### Provided material:
++++++++++
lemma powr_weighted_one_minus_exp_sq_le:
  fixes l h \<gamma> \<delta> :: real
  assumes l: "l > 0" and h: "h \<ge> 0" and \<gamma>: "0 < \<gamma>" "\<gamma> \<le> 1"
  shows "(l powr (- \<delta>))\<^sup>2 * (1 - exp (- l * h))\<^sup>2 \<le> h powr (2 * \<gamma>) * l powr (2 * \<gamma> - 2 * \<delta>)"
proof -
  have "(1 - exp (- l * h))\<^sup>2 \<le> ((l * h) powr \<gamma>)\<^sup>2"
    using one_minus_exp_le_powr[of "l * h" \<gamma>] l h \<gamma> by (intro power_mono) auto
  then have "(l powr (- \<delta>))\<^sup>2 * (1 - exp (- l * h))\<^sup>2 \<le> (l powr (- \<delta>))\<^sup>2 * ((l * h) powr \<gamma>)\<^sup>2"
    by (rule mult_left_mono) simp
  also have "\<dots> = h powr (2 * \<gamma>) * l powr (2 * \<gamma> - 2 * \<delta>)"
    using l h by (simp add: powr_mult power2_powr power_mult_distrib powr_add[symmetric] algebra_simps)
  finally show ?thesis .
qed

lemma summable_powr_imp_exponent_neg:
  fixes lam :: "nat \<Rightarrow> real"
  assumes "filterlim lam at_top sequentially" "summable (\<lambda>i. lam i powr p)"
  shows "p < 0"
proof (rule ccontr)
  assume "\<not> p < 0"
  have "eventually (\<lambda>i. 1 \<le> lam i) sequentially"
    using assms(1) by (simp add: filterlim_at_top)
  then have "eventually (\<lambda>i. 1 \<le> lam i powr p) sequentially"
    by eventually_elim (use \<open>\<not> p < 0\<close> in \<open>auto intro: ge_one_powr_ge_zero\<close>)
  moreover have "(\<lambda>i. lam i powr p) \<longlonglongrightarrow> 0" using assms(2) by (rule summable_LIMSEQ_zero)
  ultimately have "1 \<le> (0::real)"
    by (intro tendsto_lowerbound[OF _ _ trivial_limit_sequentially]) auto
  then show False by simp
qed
++++++++++
Would you please write out the entries again exactly?

### Response to the task:
lemma powr_weighted_one_minus_exp_sq_le:
  fixes l h \<gamma> \<delta> :: real
  assumes l: "l > 0" and h: "h \<ge> 0" and \<gamma>: "0 < \<gamma>" "\<gamma> \<le> 1"
  shows "(l powr (- \<delta>))\<^sup>2 * (1 - exp (- l * h))\<^sup>2 \<le> h powr (2 * \<gamma>) * l powr (2 * \<gamma> - 2 * \<delta>)"
proof -
  have "(1 - exp (- l * h))\<^sup>2 \<le> ((l * h) powr \<gamma>)\<^sup>2"
    using one_minus_exp_le_powr[of "l * h" \<gamma>] l h \<gamma> by (intro power_mono) auto
  then have "(l powr (- \<delta>))\<^sup>2 * (1 - exp (- l * h))\<^sup>2 \<le> (l powr (- \<delta>))\<^sup>2 * ((l * h) powr \<gamma>)\<^sup>2"
    by (rule mult_left_mono) simp
  also have "\<dots> = h powr (2 * \<gamma>) * l powr (2 * \<gamma> - 2 * \<delta>)"
    using l h by (simp add: powr_mult power2_powr power_mult_distrib powr_add[symmetric] algebra_simps)
  finally show ?thesis .
qed

lemma summable_powr_imp_exponent_neg:
  fixes lam :: "nat \<Rightarrow> real"
  assumes "filterlim lam at_top sequentially" "summable (\<lambda>i. lam i powr p)"
  shows "p < 0"
proof (rule ccontr)
  assume "\<not> p < 0"
  have "eventually (\<lambda>i. 1 \<le> lam i) sequentially"
    using assms(1) by (simp add: filterlim_at_top)
  then have "eventually (\<lambda>i. 1 \<le> lam i powr p) sequentially"
    by eventually_elim (use \<open>\<not> p < 0\<close> in \<open>auto intro: ge_one_powr_ge_zero\<close>)
  moreover have "(\<lambda>i. lam i powr p) \<longlonglongrightarrow> 0" using assms(2) by (rule summable_LIMSEQ_zero)
  ultimately have "1 \<le> (0::real)"
    by (intro tendsto_lowerbound[OF _ _ trivial_limit_sequentially]) auto
  then show False by simp
qed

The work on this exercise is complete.